Democratic success will likely depend on strong turnout from African Americans, young voters, college graduates, and women, all groups that helped Biden become the first Democratic presidential candidate since 1992 to win Georgia. .

Republicans, meanwhile, have focused on energizing their own base of white men and voters beyond the heart of the Atlanta subway.

‘The power literally in your hands’

Even a tightly divided Democratic Senate is unlikely to guarantee Biden everything he wants, given Senate rules that require 60 votes to move most major laws forward.

But if Democrats lose even one of Tuesday’s competitions, Biden would be unlikely to get quick up or down votes on his most ambitious plans to expand healthcare coverage. supported health care, strengthen the middle class, tackle racial inequalities and tackle climate change.

A Republican-controlled Senate would also create a more difficult path for Cabinet choices and Biden’s judicial candidates.

“Georgia, the whole nation is looking to you. The power is literally in your hands, ”Biden said at his own rally in Atlanta earlier Monday.

“A state can lead the way, not just for the next four years, but for the next generation.”

The January elections in Georgia, necessary because no candidate for the Senate received a majority of the votes in the general election, were unique for many reasons, not least because the candidates mainly ran in teams, sometimes even together. .

One contest features Democrat Raphael Warnock, who is the senior pastor of the Atlanta church where the slain civil rights leader Martin Luther King Jr. grew up and preached. The 51-year-old black man was raised in public housing and spent most of his adult life preaching in Baptist churches.

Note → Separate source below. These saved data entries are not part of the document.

lemma ext_biprod:
  assumes X: "(Os, fs) \<in> N" and Y: "(Os', fs') \<in> N" and j: "j \<le> n"
  shows "is_biprod C (ext_obj SO n Os j) (ext_obj SO n Os' j) (ext_biprod Os Os' j)"
proof (cases "j < n")
  case True
  then show ?thesis using biprod_of[OF angle_Obj[OF X True] angle_Obj[OF Y True]]
    by (simp add: ext_biprod_def ext_obj_def)
next
  case False
  obtain T k1 k2 q1 q2 where b: "biprod_of (Os ! 0) (Os' ! 0) = (T, k1, k2, q1, q2)"
    by (cases "biprod_of (Os ! 0) (Os' ! 0)") auto
  have "is_biprod C (Os ! 0) (Os' ! 0) (T, k1, k2, q1, q2)"
    using biprod_of[OF angle_Obj[OF X n_pos] angle_Obj[OF Y n_pos]] b by simp
  then show ?thesis using biprod_Sigma[of "Os ! 0" "Os' ! 0"] False j b
    by (simp add: ext_biprod_def ext_obj_def sig_bp_def)
qed

lemma ext_biprod_components:
  assumes "j \<le> n"
  shows "ext_obj SO n (map (\<lambda>i. fst (ext_biprod Os Os' i)) [0..<n]) j = fst (ext_biprod Os Os' j)"
    "ext_mor SM n (map (\<lambda>i. fst (snd (ext_biprod Os Os' i))) [0..<n]) j
      = fst (snd (ext_biprod Os Os' j))"
    "ext_mor SM n (map (\<lambda>i. fst (snd (snd (ext_biprod Os Os' i)))) [0..<n]) j
      = fst (snd (snd (ext_biprod Os Os' j)))"
    "ext_mor SM n (map (\<lambda>i. fst (snd (snd (snd (ext_biprod Os Os' i))))) [0..<n]) j
      = fst (snd (snd (snd (ext_biprod Os Os' j))))"
    "ext_mor SM n (map (\<lambda>i. snd (snd (snd (snd (ext_biprod Os Os' i))))) [0..<n]) j
      = snd (snd (snd (snd (ext_biprod Os Os' j))))"
  using assms n_pos
  by (auto simp: ext_obj_def ext_mor_def ext_biprod_def sig_bp_def split: prod.split)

Warnock faces Republican Senator Kelly Loeffler, a 50-year-old former businesswoman appointed to the Senate less than a year ago by the state’s Republican governor. She is only the second woman to represent Georgia in the Senate, although race has become a campaign topic much more than gender.

Loeffler and his allies have taken a few excerpts from Warnock’s sermons at the historic Black Church to call it extreme. Dozens of religious and civil rights leaders pushed back.

A jogger passes a sign urging residents to vote in the second round of elections in Georgia, Atlanta [Brian Snyder/Reuters]

The other election pits former company executive David Perdue, 71, who held the Senate seat until his official term expired on Sunday, against Democrat Jon Ossoff, a former congressional aide and journalist.

At just 33, Ossoff would be the youngest member of the Senate if elected. The fresh-faced Democrat first gained national notoriety in 2017 when he launched an unsuccessful special election offer in the House.

This week’s election marks the official end of the turbulent 2020 election season more than two months after the rest of the country finished voting.

“It really is about whether an agenda that moves the nation forward can be forged without significant compromise,” said Martin Luther King III, the son of the civil rights icon and native of Georgia, who predicted Tuesday of “razor thin” margins.

“There are a lot of things at stake.”